Working from the top of the records below, reproduce each line exactly, ending once you have written the line containing "(\<forall>x\<in>V. \<forall>y\<in>V. E\<^sup>*\<^sup>*".

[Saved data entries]
- - -
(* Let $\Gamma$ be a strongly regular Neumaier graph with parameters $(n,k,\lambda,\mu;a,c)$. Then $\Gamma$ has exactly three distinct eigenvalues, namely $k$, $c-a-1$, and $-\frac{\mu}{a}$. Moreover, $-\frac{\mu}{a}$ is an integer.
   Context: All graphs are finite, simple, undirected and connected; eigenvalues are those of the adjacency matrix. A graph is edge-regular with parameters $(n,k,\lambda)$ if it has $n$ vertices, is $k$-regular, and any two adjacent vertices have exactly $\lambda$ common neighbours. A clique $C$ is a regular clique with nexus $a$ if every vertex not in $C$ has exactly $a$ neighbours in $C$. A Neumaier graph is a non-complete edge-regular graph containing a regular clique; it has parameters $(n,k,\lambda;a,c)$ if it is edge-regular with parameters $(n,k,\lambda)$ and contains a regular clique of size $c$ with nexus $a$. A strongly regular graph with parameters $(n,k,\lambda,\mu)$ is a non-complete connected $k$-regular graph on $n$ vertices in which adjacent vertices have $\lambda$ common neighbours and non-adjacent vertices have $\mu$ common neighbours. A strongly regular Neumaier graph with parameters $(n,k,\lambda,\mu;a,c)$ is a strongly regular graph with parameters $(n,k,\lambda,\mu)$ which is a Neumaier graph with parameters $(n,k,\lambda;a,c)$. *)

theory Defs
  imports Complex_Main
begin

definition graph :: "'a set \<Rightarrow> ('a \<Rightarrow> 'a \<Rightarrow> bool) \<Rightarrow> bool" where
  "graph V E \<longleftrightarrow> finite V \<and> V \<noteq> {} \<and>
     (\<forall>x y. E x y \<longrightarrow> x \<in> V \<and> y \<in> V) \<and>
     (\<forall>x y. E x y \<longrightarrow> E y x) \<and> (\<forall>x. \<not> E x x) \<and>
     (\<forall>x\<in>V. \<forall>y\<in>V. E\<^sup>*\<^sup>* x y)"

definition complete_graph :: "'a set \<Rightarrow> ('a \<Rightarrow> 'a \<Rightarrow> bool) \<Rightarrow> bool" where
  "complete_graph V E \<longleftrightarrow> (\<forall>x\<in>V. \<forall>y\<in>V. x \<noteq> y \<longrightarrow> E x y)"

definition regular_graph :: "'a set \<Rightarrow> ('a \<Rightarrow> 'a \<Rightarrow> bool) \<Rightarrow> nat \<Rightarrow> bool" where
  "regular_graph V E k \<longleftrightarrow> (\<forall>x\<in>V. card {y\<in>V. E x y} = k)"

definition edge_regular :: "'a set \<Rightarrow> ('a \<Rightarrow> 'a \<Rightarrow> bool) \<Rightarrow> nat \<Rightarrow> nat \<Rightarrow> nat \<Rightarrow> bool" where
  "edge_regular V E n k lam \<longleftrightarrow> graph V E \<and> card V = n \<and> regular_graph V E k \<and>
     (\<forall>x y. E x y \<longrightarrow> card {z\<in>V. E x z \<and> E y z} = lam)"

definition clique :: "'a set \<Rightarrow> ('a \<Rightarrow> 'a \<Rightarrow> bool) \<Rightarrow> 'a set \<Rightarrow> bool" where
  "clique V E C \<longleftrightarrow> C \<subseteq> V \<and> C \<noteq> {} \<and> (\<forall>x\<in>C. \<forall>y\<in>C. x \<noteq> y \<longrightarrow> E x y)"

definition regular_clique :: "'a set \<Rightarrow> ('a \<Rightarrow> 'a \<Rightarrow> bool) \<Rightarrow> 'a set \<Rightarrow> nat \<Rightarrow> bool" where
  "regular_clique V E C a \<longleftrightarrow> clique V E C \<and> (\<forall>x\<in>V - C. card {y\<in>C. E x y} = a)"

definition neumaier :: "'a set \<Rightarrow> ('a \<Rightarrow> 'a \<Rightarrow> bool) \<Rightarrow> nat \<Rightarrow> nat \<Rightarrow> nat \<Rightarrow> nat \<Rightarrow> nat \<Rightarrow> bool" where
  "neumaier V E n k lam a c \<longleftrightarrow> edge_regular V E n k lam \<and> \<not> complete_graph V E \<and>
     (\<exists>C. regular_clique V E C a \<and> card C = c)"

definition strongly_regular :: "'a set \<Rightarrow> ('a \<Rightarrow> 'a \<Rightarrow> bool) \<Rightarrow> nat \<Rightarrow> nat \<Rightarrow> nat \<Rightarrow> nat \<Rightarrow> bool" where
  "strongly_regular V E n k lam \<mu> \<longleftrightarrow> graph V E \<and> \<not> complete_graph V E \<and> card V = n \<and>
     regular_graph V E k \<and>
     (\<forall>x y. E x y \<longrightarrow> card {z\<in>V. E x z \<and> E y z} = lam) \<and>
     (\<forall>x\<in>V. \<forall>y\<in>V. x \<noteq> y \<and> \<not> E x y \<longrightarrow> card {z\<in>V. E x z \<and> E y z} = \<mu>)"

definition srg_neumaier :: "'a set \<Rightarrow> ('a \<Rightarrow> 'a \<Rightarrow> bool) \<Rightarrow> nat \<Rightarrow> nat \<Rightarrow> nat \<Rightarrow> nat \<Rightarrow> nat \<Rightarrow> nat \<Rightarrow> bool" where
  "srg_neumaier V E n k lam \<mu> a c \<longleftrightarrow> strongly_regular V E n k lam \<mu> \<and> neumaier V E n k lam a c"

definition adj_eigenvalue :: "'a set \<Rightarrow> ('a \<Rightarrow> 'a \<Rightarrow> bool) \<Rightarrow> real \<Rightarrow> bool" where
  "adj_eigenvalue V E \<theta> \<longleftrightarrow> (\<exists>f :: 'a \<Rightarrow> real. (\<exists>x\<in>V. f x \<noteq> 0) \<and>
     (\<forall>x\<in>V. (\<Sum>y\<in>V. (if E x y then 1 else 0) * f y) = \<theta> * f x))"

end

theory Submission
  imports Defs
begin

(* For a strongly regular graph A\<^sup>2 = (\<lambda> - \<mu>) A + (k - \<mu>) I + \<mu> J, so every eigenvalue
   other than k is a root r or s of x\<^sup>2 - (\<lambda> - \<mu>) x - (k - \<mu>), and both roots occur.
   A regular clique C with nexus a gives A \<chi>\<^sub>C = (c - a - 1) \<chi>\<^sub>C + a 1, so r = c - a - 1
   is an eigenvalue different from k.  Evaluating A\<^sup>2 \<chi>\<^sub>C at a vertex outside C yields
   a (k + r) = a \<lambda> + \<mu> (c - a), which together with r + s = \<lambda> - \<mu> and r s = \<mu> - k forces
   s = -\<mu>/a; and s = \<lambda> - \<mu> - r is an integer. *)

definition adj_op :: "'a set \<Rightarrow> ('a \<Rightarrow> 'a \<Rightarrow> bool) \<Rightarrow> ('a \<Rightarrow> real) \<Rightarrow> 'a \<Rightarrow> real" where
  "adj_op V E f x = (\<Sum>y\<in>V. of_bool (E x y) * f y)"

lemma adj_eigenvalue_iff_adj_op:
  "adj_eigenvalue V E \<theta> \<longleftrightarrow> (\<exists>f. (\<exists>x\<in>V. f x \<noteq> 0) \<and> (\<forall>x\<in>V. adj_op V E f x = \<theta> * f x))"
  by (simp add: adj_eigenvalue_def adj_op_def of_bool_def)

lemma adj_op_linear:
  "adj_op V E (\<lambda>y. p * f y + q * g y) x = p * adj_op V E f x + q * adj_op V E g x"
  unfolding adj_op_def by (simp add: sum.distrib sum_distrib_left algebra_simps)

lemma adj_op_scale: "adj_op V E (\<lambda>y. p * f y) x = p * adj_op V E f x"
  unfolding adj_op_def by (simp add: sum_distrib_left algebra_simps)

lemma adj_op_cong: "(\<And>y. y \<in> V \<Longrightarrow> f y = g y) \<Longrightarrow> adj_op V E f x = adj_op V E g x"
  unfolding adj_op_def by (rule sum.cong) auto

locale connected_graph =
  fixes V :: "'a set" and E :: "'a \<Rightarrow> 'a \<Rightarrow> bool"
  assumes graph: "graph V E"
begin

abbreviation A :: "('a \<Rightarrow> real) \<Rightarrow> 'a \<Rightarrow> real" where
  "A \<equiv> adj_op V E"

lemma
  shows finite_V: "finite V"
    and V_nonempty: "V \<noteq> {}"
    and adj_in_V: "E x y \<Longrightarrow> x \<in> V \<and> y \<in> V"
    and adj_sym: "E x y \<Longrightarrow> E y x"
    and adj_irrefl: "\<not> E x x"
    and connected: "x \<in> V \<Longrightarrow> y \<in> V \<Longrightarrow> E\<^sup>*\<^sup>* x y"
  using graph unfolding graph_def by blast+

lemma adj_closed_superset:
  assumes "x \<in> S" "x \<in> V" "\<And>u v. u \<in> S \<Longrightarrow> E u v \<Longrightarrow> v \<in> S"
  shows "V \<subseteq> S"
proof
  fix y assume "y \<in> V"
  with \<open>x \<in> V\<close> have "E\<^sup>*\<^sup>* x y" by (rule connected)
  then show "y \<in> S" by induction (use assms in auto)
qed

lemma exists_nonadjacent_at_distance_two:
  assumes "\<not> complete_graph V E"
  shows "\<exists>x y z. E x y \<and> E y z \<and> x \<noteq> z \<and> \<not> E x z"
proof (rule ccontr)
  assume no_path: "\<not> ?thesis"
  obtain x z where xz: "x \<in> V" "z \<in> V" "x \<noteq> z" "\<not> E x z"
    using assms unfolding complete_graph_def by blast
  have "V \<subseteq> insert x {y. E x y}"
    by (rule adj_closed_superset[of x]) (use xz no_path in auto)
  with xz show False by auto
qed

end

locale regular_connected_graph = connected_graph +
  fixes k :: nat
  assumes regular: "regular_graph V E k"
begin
- - -
- **FINISHED EXERCISE**
(* Let $\Gamma$ be a strongly regular Neumaier graph with parameters $(n,k,\lambda,\mu;a,c)$. Then $\Gamma$ has exactly three distinct eigenvalues, namely $k$, $c-a-1$, and $-\frac{\mu}{a}$. Moreover, $-\frac{\mu}{a}$ is an integer.
   Context: All graphs are finite, simple, undirected and connected; eigenvalues are those of the adjacency matrix. A graph is edge-regular with parameters $(n,k,\lambda)$ if it has $n$ vertices, is $k$-regular, and any two adjacent vertices have exactly $\lambda$ common neighbours. A clique $C$ is a regular clique with nexus $a$ if every vertex not in $C$ has exactly $a$ neighbours in $C$. A Neumaier graph is a non-complete edge-regular graph containing a regular clique; it has parameters $(n,k,\lambda;a,c)$ if it is edge-regular with parameters $(n,k,\lambda)$ and contains a regular clique of size $c$ with nexus $a$. A strongly regular graph with parameters $(n,k,\lambda,\mu)$ is a non-complete connected $k$-regular graph on $n$ vertices in which adjacent vertices have $\lambda$ common neighbours and non-adjacent vertices have $\mu$ common neighbours. A strongly regular Neumaier graph with parameters $(n,k,\lambda,\mu;a,c)$ is a strongly regular graph with parameters $(n,k,\lambda,\mu)$ which is a Neumaier graph with parameters $(n,k,\lambda;a,c)$. *)

theory Defs
  imports Complex_Main
begin

definition graph :: "'a set \<Rightarrow> ('a \<Rightarrow> 'a \<Rightarrow> bool) \<Rightarrow> bool" where
  "graph V E \<longleftrightarrow> finite V \<and> V \<noteq> {} \<and>
     (\<forall>x y. E x y \<longrightarrow> x \<in> V \<and> y \<in> V) \<and>
     (\<forall>x y. E x y \<longrightarrow> E y x) \<and> (\<forall>x. \<not> E x x) \<and>
     (\<forall>x\<in>V. \<forall>y\<in>V. E\<^sup>*\<^sup>* x y)"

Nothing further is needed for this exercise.